**TASK PROMPT**
Look below for the line containing "unfolding T_def using"; from there, print each line exactly up to and including the line containing "unfolding u_def T_def M_def", and stop.

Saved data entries
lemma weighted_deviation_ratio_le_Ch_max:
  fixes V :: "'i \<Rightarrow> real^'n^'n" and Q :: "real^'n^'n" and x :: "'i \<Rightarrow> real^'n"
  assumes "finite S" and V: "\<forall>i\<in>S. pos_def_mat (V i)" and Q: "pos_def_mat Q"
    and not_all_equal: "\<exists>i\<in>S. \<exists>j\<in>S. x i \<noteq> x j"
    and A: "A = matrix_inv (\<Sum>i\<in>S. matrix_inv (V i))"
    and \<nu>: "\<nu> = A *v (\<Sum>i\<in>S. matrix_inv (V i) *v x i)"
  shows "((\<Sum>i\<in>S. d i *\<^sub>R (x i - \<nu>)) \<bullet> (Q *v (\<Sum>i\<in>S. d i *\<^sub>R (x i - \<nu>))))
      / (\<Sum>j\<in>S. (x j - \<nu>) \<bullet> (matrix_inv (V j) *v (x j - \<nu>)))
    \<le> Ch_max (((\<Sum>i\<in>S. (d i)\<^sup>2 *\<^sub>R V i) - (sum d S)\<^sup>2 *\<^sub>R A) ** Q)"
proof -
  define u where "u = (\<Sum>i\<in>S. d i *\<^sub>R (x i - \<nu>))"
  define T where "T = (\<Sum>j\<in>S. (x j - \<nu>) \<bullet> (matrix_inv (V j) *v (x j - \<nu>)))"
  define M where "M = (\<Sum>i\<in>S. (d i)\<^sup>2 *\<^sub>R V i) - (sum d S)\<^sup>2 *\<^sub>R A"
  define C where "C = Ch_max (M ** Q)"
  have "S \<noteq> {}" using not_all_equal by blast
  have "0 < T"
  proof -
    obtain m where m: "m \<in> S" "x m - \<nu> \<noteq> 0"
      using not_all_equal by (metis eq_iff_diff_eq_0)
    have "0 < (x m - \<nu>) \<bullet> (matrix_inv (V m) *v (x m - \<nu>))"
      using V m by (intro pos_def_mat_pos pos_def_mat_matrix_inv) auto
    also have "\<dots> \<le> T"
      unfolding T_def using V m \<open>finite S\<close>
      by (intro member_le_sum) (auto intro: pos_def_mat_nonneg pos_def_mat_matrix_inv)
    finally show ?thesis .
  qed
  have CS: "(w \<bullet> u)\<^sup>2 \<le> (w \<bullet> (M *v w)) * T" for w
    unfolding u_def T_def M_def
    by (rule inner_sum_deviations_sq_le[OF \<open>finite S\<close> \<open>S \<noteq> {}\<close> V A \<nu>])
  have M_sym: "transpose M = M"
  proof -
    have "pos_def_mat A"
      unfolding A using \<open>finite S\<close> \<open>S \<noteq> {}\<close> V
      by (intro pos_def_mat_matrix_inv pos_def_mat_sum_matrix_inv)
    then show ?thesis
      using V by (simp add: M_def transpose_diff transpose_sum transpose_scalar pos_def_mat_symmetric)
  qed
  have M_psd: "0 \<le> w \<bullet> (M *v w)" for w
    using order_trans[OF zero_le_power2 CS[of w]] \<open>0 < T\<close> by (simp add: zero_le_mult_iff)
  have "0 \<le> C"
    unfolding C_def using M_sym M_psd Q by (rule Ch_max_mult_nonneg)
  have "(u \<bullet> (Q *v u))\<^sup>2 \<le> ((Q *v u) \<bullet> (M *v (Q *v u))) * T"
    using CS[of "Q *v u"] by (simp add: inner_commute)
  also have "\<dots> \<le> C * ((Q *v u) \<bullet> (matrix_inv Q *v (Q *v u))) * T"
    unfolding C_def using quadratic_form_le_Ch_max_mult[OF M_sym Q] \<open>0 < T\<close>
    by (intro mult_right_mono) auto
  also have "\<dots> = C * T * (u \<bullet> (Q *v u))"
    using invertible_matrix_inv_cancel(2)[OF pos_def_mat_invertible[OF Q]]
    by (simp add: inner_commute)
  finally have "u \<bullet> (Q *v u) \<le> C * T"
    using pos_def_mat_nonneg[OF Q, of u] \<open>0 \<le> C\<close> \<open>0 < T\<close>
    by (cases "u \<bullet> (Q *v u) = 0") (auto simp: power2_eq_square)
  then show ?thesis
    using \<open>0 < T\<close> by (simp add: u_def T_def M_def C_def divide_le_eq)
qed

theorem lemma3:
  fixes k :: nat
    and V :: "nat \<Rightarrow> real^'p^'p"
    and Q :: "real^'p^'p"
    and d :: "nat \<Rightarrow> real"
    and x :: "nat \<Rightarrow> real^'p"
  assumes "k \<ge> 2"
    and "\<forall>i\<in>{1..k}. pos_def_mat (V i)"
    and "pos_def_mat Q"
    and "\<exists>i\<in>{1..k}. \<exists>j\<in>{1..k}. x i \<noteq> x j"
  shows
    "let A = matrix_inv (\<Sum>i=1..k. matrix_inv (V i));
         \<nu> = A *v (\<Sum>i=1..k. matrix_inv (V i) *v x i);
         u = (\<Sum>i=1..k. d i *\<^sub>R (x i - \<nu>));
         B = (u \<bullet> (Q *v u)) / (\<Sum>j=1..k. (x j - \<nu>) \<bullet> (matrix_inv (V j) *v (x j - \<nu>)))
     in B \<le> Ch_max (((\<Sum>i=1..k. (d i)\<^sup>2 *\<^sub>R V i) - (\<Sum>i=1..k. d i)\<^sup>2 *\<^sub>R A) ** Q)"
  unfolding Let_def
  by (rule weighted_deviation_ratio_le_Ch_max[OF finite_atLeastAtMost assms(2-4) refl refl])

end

...

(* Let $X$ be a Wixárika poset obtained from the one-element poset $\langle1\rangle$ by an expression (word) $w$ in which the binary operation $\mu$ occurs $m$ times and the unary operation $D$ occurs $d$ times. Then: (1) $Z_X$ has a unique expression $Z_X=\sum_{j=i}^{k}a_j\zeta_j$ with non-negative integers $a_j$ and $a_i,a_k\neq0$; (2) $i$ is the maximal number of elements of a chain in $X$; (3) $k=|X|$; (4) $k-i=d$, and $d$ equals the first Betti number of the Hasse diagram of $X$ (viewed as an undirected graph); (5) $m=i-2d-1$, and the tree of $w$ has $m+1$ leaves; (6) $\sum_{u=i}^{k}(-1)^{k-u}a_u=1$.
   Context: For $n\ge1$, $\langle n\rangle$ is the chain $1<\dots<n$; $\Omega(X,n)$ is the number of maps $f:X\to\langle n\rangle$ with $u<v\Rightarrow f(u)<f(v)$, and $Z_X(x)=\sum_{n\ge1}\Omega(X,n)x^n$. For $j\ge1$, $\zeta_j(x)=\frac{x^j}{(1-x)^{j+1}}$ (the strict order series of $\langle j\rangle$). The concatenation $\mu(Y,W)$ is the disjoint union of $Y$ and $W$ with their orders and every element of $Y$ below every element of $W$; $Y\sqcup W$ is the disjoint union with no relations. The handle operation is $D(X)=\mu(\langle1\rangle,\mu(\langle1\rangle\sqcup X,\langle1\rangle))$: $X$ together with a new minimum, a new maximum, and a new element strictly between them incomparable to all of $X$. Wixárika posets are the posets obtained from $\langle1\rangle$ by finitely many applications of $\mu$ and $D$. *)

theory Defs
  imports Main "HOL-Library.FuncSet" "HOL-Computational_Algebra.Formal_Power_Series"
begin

**SOLUTION TO THIS PROBLEM**
      unfolding T_def using V m \<open>finite S\<close>
      by (intro member_le_sum) (auto intro: pos_def_mat_nonneg pos_def_mat_matrix_inv)
    finally show ?thesis .
  qed
  have CS: "(w \<bullet> u)\<^sup>2 \<le> (w \<bullet> (M *v w)) * T" for w
    unfolding u_def T_def M_def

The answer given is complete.